§ Provided material:
──────────────────────────────
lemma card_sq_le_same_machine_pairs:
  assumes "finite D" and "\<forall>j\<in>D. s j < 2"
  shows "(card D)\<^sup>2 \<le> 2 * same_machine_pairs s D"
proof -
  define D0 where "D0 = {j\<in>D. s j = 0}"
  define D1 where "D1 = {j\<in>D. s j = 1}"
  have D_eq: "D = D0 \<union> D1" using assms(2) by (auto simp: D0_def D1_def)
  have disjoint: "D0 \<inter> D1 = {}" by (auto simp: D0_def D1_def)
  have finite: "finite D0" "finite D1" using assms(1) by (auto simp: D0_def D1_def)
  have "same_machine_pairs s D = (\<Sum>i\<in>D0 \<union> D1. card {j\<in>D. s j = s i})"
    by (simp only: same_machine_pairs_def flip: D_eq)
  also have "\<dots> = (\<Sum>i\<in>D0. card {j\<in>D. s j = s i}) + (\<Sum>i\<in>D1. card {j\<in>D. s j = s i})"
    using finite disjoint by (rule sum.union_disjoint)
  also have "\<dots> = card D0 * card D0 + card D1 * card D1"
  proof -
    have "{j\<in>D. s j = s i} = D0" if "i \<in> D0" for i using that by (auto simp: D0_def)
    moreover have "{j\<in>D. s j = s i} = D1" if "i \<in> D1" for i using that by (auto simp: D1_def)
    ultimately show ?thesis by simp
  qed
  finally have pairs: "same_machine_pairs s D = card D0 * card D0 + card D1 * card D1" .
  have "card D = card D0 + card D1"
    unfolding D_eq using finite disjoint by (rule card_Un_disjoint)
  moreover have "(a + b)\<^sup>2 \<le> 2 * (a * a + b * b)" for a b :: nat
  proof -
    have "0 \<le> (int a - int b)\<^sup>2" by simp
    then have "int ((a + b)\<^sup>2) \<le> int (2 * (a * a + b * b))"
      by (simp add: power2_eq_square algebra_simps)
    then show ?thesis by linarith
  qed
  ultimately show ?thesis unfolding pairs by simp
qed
──────────────────────────────
Across the entries, how many lines contain the word "auto"? State that number and nothing else.

§ Output of the task: 5